Lenalidomide‐based response‐adapted therapy for older adults without high risk myeloma

• Published in: British journal of haematology Vol. 184; no. 5; pp. 735 - 743
• Main Authors: Baz, Rachid, Naqvi, Syeda Mahrukh Hussnain, Lee, Jae‐Hoon, Brayer, Jason, Hillgruber, Nancy, Fridley, Brooke L., Shain, Kenneth H., Sullivan, Daniel M., Alsina, Melissa
• Format: Journal Article
• Language: English
• Published: England Blackwell Publishing Ltd 01.03.2019
• Subjects: Aged; Aged, 80 and over; Dexamethasone; Disease-Free Survival; Female; Follow-Up Studies; Hematology; Humans; Immunotherapy; lenalidomide; Lenalidomide - administration & dosage; Male; Multiple myeloma; Multiple Myeloma - drug therapy; Multiple Myeloma - mortality; myeloma; older adults; Older people; Patients; response‐adapted therapy; Risk Factors; Survival Rate; Targeted cancer therapy; older adults; myeloma; lenalidomide; response-adapted therapy
• ISSN: 0007-1048; 1365-2141
• DOI: 10.1111/bjh.15700

Summary Combined lenalidomide and dexamethasone is a standard‐of‐care therapy for the treatment of older adults with multiple myeloma. Lenalidomide monotherapy has not been evaluated in newly diagnosed myeloma patients. We conducted a phase II study, evaluating a response‐adapted therapy for older adults newly diagnosed with multiple myeloma without high‐risk features who were ineligible for high‐dose therapy and stem cell transplant. Patients were started on single‐agent lenalidomide, and low‐dose dexamethasone was added in the event of progressive disease, in a response‐adapted approach. The primary endpoint was progression‐free survival (PFS), and the International Myeloma Working Group's uniform response criteria were used to assess response and progression. Twenty‐seven patients were enrolled, and 20 (74%) experienced a partial response or better to this response‐adapted therapy.
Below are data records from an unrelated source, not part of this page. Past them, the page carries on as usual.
(* Let $\kappa\in\mathbb{N}$ with $\kappa\ge2$ and let $\mathsf{A}\in\mathscr{M}_\kappa^+$, with $(a,b,c)\in\mathbb{R}^3$ such that $\mathsf{A}=\mathsf{M}_\kappa(a,b,c)$. Then $a>\max\{|b|,|c|\}$, and the functions $f(a,b,c)=\frac{b(a-c)}{a^2-b^2}$ and $g(a,b,c)=\frac{ac-b^2}{a^2-b^2}$ satisfy $|f(a,b,c)|\le2$ and $|g(a,b,c)|\le1$.
   Context: $\mathsf{M}_\kappa(a,b,c)$ is the $(1+\kappa)\times(1+\kappa)$ matrix indexed by $\{0,\dots,\kappa\}$ with $(i,j)$ entry $a$ if $i=j$, $b$ if $i\neq j$ and ($i=0$ or $j=0$), and $c$ otherwise. $\mathscr{M}_\kappa^+$ is the set of positive definite matrices of the form $\mathsf{M}_\kappa(a,b,c)$. *)

theory Defs
  imports "Jordan_Normal_Form.Matrix"
begin

definition M_mat :: "nat \<Rightarrow> real \<Rightarrow> real \<Rightarrow> real \<Rightarrow> real mat" where
  "M_mat \<kappa> a b c = mat (Suc \<kappa>) (Suc \<kappa>)
     (\<lambda>(i, j). if i = j then a else if i = 0 \<or> j = 0 then b else c)"

definition pos_def_mat :: "real mat \<Rightarrow> bool" where
  "pos_def_mat A \<longleftrightarrow> A \<in> carrier_mat (dim_row A) (dim_row A) \<and> transpose_mat A = A \<and>
     (\<forall>v \<in> carrier_vec (dim_row A). v \<noteq> 0\<^sub>v (dim_row A) \<longrightarrow> 0 < v \<bullet> (A *\<^sub>v v))"

definition M_plus :: "nat \<Rightarrow> real mat set" where
  "M_plus \<kappa> = {A. pos_def_mat A \<and> (\<exists>a b c. A = M_mat \<kappa> a b c)}"

definition f_fun :: "real \<Rightarrow> real \<Rightarrow> real \<Rightarrow> real" where
  "f_fun a b c = b * (a - c) / (a\<^sup>2 - b\<^sup>2)"

definition g_fun :: "real \<Rightarrow> real \<Rightarrow> real \<Rightarrow> real" where
  "g_fun a b c = (a * c - b\<^sup>2) / (a\<^sup>2 - b\<^sup>2)"

end

theory Submission
  imports Defs
begin

(* Positive definiteness of M_kappa(a,b,c) passes to its leading 3 x 3 block M_2(a,b,c).
   Its quadratic form at (1,+-1,0) and (0,1,+-1) gives a > |b| and a > |c|, and at
   (a+c,-b,-b) it equals (a+c)(a(a+c) - 2b^2), so a(a+c) > 2b^2.  The bounds follow:
   |ac - b^2| <= a^2 - b^2 uses c < a on one side and a(a+c) > 2b^2 on the other, and
   |b|(a-c) <= a(a-c) <= 2(a^2 - b^2) is again a(a+c) > 2b^2. *)

definition vec3 :: "nat \<Rightarrow> real \<Rightarrow> real \<Rightarrow> real \<Rightarrow> real vec" where
  "vec3 n x y z = vec n (\<lambda>i. if i = 0 then x else if i = 1 then y else if i = 2 then z else 0)"

lemma vec3_carrier [simp]: "vec3 n x y z \<in> carrier_vec n"
  by (simp add: vec3_def)

lemma vec3_eq_zero_iff:
  assumes "3 \<le> n"
  shows "vec3 n x y z = 0\<^sub>v n \<longleftrightarrow> x = 0 \<and> y = 0 \<and> z = 0"
proof
  assume "vec3 n x y z = 0\<^sub>v n"
  then have "vec3 n x y z $ 0 = 0" "vec3 n x y z $ 1 = 0" "vec3 n x y z $ 2 = 0"
    using assms by simp_all
  then show "x = 0 \<and> y = 0 \<and> z = 0"
    using assms by (auto simp: vec3_def)
qed (auto simp: vec3_def)

lemma scalar_prod_vec3:
  assumes "3 \<le> n" and "w \<in> carrier_vec n"
  shows "w \<bullet> vec3 n x y z = w $ 0 * x + w $ 1 * y + w $ 2 * z"
proof -
  have "w \<bullet> vec3 n x y z = (\<Sum>i\<in>{0..<n}. w $ i * vec3 n x y z $ i)"
    by (simp add: scalar_prod_def vec3_def)
  also have "\<dots> = (\<Sum>i\<in>{0,1,2}. w $ i * vec3 n x y z $ i)"
    using assms(1) by (intro sum.mono_neutral_right) (auto simp: vec3_def)
  also have "\<dots> = w $ 0 * x + w $ 1 * y + w $ 2 * z"
    using assms(1) by (simp add: vec3_def)
  finally show ?thesis .
qed

definition M2_quadratic_form :: "real \<Rightarrow> real \<Rightarrow> real \<Rightarrow> real \<Rightarrow> real \<Rightarrow> real \<Rightarrow> real" where
  "M2_quadratic_form a b c x y z = a * (x\<^sup>2 + y\<^sup>2 + z\<^sup>2) + 2 * b * x * (y + z) + 2 * c * y * z"

lemma M_mat_carrier [simp]: "M_mat \<kappa> a b c \<in> carrier_mat (Suc \<kappa>) (Suc \<kappa>)"
  by (simp add: M_mat_def)

lemma M_mat_index [simp]:
  "i \<le> \<kappa> \<Longrightarrow> j \<le> \<kappa> \<Longrightarrow>
    M_mat \<kappa> a b c $$ (i, j) = (if i = j then a else if i = 0 \<or> j = 0 then b else c)"
  by (simp add: M_mat_def)

lemma M_mat_quadratic_form_vec3:
  fixes x y z :: real
  assumes "2 \<le> \<kappa>"
  defines "v \<equiv> vec3 (Suc \<kappa>) x y z"
  shows "v \<bullet> (M_mat \<kappa> a b c *\<^sub>v v) = M2_quadratic_form a b c x y z"
proof -
  let ?M = "M_mat \<kappa> a b c"
  have n: "3 \<le> Suc \<kappa>" using assms(1) by simp
  have v: "v \<in> carrier_vec (Suc \<kappa>)" by (simp add: v_def)
  have Mv: "?M *\<^sub>v v \<in> carrier_vec (Suc \<kappa>)" using mult_mat_vec_carrier[OF M_mat_carrier v] .
  have "(?M *\<^sub>v v) $ i = ?M $$ (i, 0) * x + ?M $$ (i, 1) * y + ?M $$ (i, 2) * z"
    if "i < Suc \<kappa>" for i
    using that n scalar_prod_vec3[OF n, of "row ?M i"] carrier_matD[OF M_mat_carrier]
    by (simp add: v_def)
  then have "(?M *\<^sub>v v) $ 0 = a * x + b * y + b * z"
    and "(?M *\<^sub>v v) $ 1 = b * x + a * y + c * z"
    and "(?M *\<^sub>v v) $ 2 = b * x + c * y + a * z"
    using n by simp_all
  moreover have "v \<bullet> (?M *\<^sub>v v) = (?M *\<^sub>v v) $ 0 * x + (?M *\<^sub>v v) $ 1 * y + (?M *\<^sub>v v) $ 2 * z"
    using comm_scalar_prod[OF v Mv] scalar_prod_vec3[OF n Mv] by (simp add: v_def)
  ultimately show ?thesis
    by (simp add: M2_quadratic_form_def power2_eq_square algebra_simps)
qed

lemma pos_def_M_mat_imp_M2_quadratic_form_pos:
  assumes "2 \<le> \<kappa>" and "pos_def_mat (M_mat \<kappa> a b c)" and "(x, y, z) \<noteq> (0, 0, 0)"
  shows "0 < M2_quadratic_form a b c x y z"
proof -
  let ?v = "vec3 (Suc \<kappa>) x y z"
  have "dim_row (M_mat \<kappa> a b c) = Suc \<kappa>"
    by (simp add: M_mat_def)
  moreover have "?v \<noteq> 0\<^sub>v (Suc \<kappa>)"
    using assms(1,3) by (simp add: vec3_eq_zero_iff)
  ultimately have "0 < ?v \<bullet> (M_mat \<kappa> a b c *\<^sub>v ?v)"
    using assms(2) vec3_carrier unfolding pos_def_mat_def by metis
  then show ?thesis
    using M_mat_quadratic_form_vec3[OF assms(1)] by simp
qed

lemma M2_quadratic_form_pos_imp_bounds:
  fixes a b c :: real
  assumes pos: "\<And>x y z. (x, y, z) \<noteq> (0, 0, 0) \<Longrightarrow> 0 < M2_quadratic_form a b c x y z"
  shows "\<bar>b\<bar> < a" and "\<bar>c\<bar> < a" and "2 * b\<^sup>2 < a * (a + c)"
proof -
  have "0 < a + b" "0 < a - b" "0 < a + c" "0 < a - c"
    using pos[of 1 1 0] pos[of 1 "-1" 0] pos[of 0 1 1] pos[of 0 1 "-1"]
    by (simp_all add: M2_quadratic_form_def)
  then show "\<bar>b\<bar> < a" and "\<bar>c\<bar> < a" by simp_all
  have "0 < M2_quadratic_form a b c (a + c) (- b) (- b)"
    using pos \<open>0 < a + c\<close> by simp
  also have "\<dots> = (a + c) * (a * (a + c) - 2 * b\<^sup>2)"
    by (simp add: M2_quadratic_form_def power2_eq_square algebra_simps)
  finally show "2 * b\<^sup>2 < a * (a + c)"
    using \<open>0 < a + c\<close> by (simp add: zero_less_mult_iff)
qed

lemma f_fun_g_fun_bounds:
  fixes a b c :: real
  assumes "\<bar>b\<bar> < a" and "\<bar>c\<bar> < a" and "2 * b\<^sup>2 < a * (a + c)"
  shows "\<bar>f_fun a b c\<bar> \<le> 2" and "\<bar>g_fun a b c\<bar> \<le> 1"
proof -
  have "0 < (a + b) * (a - b)"
    using assms(1) by (simp add: abs_less_iff)
  then have den: "0 < a\<^sup>2 - b\<^sup>2"
    by (simp add: power2_eq_square algebra_simps)
  have "a * c \<le> a * a"
    using assms(1,2) by (intro mult_left_mono) auto
  then have "\<bar>a * c - b\<^sup>2\<bar> \<le> a\<^sup>2 - b\<^sup>2"
    using assms(3) by (simp add: abs_le_iff power2_eq_square algebra_simps)
  then show "\<bar>g_fun a b c\<bar> \<le> 1"
    using den by (simp add: g_fun_def abs_divide divide_le_eq)
  have "\<bar>b * (a - c)\<bar> = \<bar>b\<bar> * (a - c)"
    using assms(2) by (simp add: abs_mult)
  also have "\<dots> \<le> a * (a - c)"
    using assms(1,2) by (intro mult_right_mono) auto
  also have "\<dots> \<le> 2 * (a\<^sup>2 - b\<^sup>2)"
    using assms(3) by (simp add: power2_eq_square algebra_simps)
  finally show "\<bar>f_fun a b c\<bar> \<le> 2"
    using den by (simp add: f_fun_def abs_divide divide_le_eq)
qed

theorem lemma4p8:
  fixes \<kappa> :: nat and A :: "real mat" and a b c :: real
  assumes "\<kappa> \<ge> 2"
    and "A \<in> M_plus \<kappa>"
    and "A = M_mat \<kappa> a b c"
  shows "a > max \<bar>b\<bar> \<bar>c\<bar> \<and> \<bar>f_fun a b c\<bar> \<le> 2 \<and> \<bar>g_fun a b c\<bar> \<le> 1"
proof -
  have "pos_def_mat (M_mat \<kappa> a b c)"
    using assms(2,3) by (simp add: M_plus_def)
  then have "\<bar>b\<bar> < a" "\<bar>c\<bar> < a" "2 * b\<^sup>2 < a * (a + c)"
    using M2_quadratic_form_pos_imp_bounds pos_def_M_mat_imp_M2_quadratic_form_pos[OF assms(1)] by blast+
  then show ?thesis
    using f_fun_g_fun_bounds by simp
qed

end
lemma ppl_rec_block_le:
  assumes "s \<le> 3" and "4 * p + s < 4 * q - s"
    and outer: "ppl_rec q \<le> ppl_rec p + 1"
    and inner: "2 \<le> s \<Longrightarrow> ppl_rec (q - 1) \<le> ppl_rec (p + 1) + 1"
  shows "ppl_rec (4 * q - s) \<le> ppl_rec (4 * p + s) + 1"
proof -
  define r where "r = q - 1"
  have q: "q = r + 1" using assms(2) unfolding r_def by linarith
  consider "s = 0" | "s = 1" | "s = 2" | "s = 3" using assms(1) by linarith
  then show ?thesis
  proof cases
    case 1
    then show ?thesis
      using outer ppl_rec_4(1)[of "4 * q" q] ppl_rec_4(1)[of "4 * p" p] by simp
  next
    case 2
    then show ?thesis
      using outer q ppl_rec_4(4)[of "4 * q - 1" r] ppl_rec_4(2)[of "4 * p + 1" p] by simp
  next
    case 3
    then show ?thesis
      using outer inner q ppl_rec_4(3)[of "4 * q - 2" r] ppl_rec_4(3)[of "4 * p + 2" p] by simp
  next
    case 4
    then show ?thesis
      using inner q ppl_rec_4(2)[of "4 * q - 3" r] ppl_rec_4(4)[of "4 * p + 3" p] by simp
  qed
qed

lemma ppl_rec_pal_le:
  assumes "i < N" and "tm_pal i N"
  shows "ppl_rec N \<le> ppl_rec i + 1"
  using assms
proof (induction N arbitrary: i rule: less_induct)
  case (less N)
  from less.prems(2,1) show ?case
  proof (cases rule: tm_pal_cases)
    case 1
    then show ?thesis using ppl_rec_Suc_le[of i] by simp
  next
    case 2
    then show ?thesis using ppl_rec_add_3_le by simp
  next
    case (3 p q s)
    have "q < N" using 3 less.prems(1) by linarith
    with 3 have outer: "ppl_rec q \<le> ppl_rec p + 1"
      by (intro less.IH) simp_all
    have inner: "ppl_rec (q - 1) \<le> ppl_rec (p + 1) + 1" if "2 \<le> s"
    proof (cases "p + 1 = q - 1")
      case False
      have "tm_pal (p + 1) (q - 1)" using tm_pal_shrink[OF \<open>tm_pal p q\<close>] .
      moreover have "p + 1 < q - 1" "q - 1 < N" using 3 that False less.prems(1) by linarith+
      ultimately show ?thesis by (intro less.IH)
    qed simp
    from 3 outer inner show ?thesis
      using ppl_rec_block_le[of s p q] less.prems(1) by simp
  qed
qed

lemma ppl_rec_le_PPL_t: "ppl_rec n \<le> PPL_t n"
proof (induction n rule: less_induct)
  case (less n)
  show ?case
  proof (cases "n = 0")
    case False
    then obtain i where i: "i < n" "tm_pal i n" "PPL_t n = PPL_t i + 1"
      using PPL_t_last_pal[of n] by auto
    have "ppl_rec n \<le> ppl_rec i + 1" using ppl_rec_pal_le[OF i(1,2)] .
    also have "\<dots> \<le> PPL_t n" using less.IH[OF i(1)] i(3) by simp
    finally show ?thesis .
  qed (simp add: ppl_rec_0)
qed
After a median follow‐up of 69 months, the median PFS was 36 months [95% confidence interval (CI), 29·8 to not reached], and the median overall survival was 65 months (95% CI, 35·3 to not reached). Grade 3/4 adverse events were mainly haematological in nature. This response‐adapted therapy in this patient population is feasible and results in durable responses that compare favourably with concurrent lenalidomide and dexamethasone. These results should be validated in prospective studies.